Updated on 5 November 2012
The vouchers will support businesses to undertake substantial testing or applied development activities on new products and processes
Singapore: The Victoria state government in Australia will help companies trial new technologies through a $8 million Technology Voucher Program. The state's Technology Minister Mr Gordon Rich-Phillips said the government was now seeking applications for the first round of Technology Implementation Vouchers.
"Companies can apply for vouchers of up to $250,000 to explore the use of industrial biotechnology, small technologies or information and communication technologies," said Mr Rich-Phillips. "The vouchers will help companies to collaborate with high-tech service providers, and are designed to provide responsive and nimble funding for businesses that want to create more competitive products and processes."
Mr Rich-Phillips said the program would give innovative companies timely access to the technology expertise they needed at crucial points of product development. "This is a responsive funding model to drive the use of cutting-edge technologies, enabling Victoria's companies to compete in today's global economy," said Mr Rich-Phillips.
The vouchers will support businesses to undertake substantial testing or applied development activities on new products and processes using new technologies. "A compelling advantage of the voucher system is its ability to respond promptly to the research requirements of business in a time-frame that suits them," Mr Rich-Phillips said.

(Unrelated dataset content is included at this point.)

(* Suppose that $\theta\in(0,1]$, $M>1$, $T>1$, $n\ge 2M$ and $f\in\mathrm{PL}_n^2\cap G_M^2$. Then for any $k\in\{\lceil\sqrt n\rceil,\dots,\lfloor\theta n\rfloor-1\}$, \[\sum_{j=k}^{\lfloor\theta n\rfloor-1}\mathcal E^+_X(I_j,\Gamma_{M,T}(f,n),T)\ge\int_{k/n}^{\lfloor\theta n\rfloor/n}\Big(\sqrt{2R^*_X(f(s))}-\sqrt{f_X'(s)}\Big)^2ds-O\Big(\frac{M^4}{n^{1/4}}+\frac{M^3n}{T^{1/2}}\Big).\]
   Context: $O(a)$ denotes a quantity bounded in absolute value by $Ca$ for a universal constant $C$. Let $R(x,y)=\frac{x+1}{y+1}\vee\frac{y+1}{x+1}$, $P(x,y)=\frac{y+1}{2(x+1)}\mathbb 1_{x\ge y}+\big(1-\frac{x+1}{2(y+1)}\big)\mathbb 1_{x<y}$, $R_X=RP$, $R_Y=R(1-P)$. $R^*(x,y)=\frac xy\vee\frac yx$ if $x>0$ or $y>0$, $R^*(0,0)=1$; $P^*(x,y)=\frac y{2x}\mathbb 1_{x\ge y}+(1-\frac x{2y})\mathbb 1_{x<y}$ if $x>0$ or $y>0$, $P^*(0,0)=1/2$; $R^*_X=R^*P^*$ if $y>0$, $R^*_X(x,0)=1/2$. $\|\cdot\|$ is the max norm on $\mathbb R^2$. $E$ is the set of non-decreasing càdlàg $f:[0,1]\to\mathbb R$ with $f(0)=0$ ($f'(s):=\infty$ where not differentiable), with Lévy metric $d(f,g)=\inf\{r>0:f(x-r)-r<g(x)<f(x+r)+r\ \forall x\in[-r,1+r]\}$ ($f(x)=f(0)$ for $x<0$, $f(1)$ for $x>1$), and on $E^2$ the max of coordinate distances; $f=(f_X,f_Y)$. $G_M=\{f\in E: s/M\le f(s)\le Ms\ \forall s\}$; $G_{M,T}=\{f\in E:s/M-2T^{-2/3}\le f(s)\le M(s+2T^{-2/3})\ \forall s\}$. $\mathrm{PL}_n$ is the set of continuous $f\in E$ linear on each $[i/n,(i+1)/n]$. $I_j=[j/n,(j+1)/n]$. $\Delta_n(f,g)=\max_{0\le i\le n}\|f(i/n)-g(i/n)\|$; $\Gamma_{M,T}(f,n)=B_{\Delta_n}(f,1/n^2)\cap B_d(f,1/n)\cap G_{M,T}^2$ (open balls). For a non-empty interval $I\subset[0,1]$ with infimum $I^-$, supremum $I^+$, length $|I|$, $F\subset E^2$, $T\ge1$: $R^-_X(I,F,T)=\inf\{R_X(Tg(s)):s\in I,g\in F\}$, $R^+_X(I,F,T)$ the corresponding sup; $x^-(s,F)=\inf\{g_X(s):g\in F\}$, $x^+(s,F)=\sup\{g_X(s):g\in F\}$. "$X-$ case": $2R^-_X|I|>x^+(I^+,F)-x^-(I^-,F)$; "$X+$ case": $x^-(I^+,F)-x^+(I^-,F)>2R^+_X|I|$. $\mathcal E^+_X(I,F,T)=(\sqrt{2R^-_X(I,F,T)|I|}-\sqrt{x^+(I^+,F)-x^-(I^-,F)})^2$ in the $X-$ case, $(\sqrt{2R^+_X(I,F,T)|I|}-\sqrt{x^-(I^+,F)-x^+(I^-,F)})^2$ in the $X+$ case, $0$ otherwise. *)

theory Defs
  imports "HOL-Analysis.Analysis"
begin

"Through vouchers, companies have developed new products ranging from diagnostic tools, medical devices and crop protection, to smart fabrics, plastic formulations and conversion of waste into valuable commercial products.
The program is part of the Victoria coalition government's $150 million Victoria's Technology Plan for the Future that promotes technology-enabled innovation across the economy and supports the growth, development and global competitiveness of Victoria's technology sectors.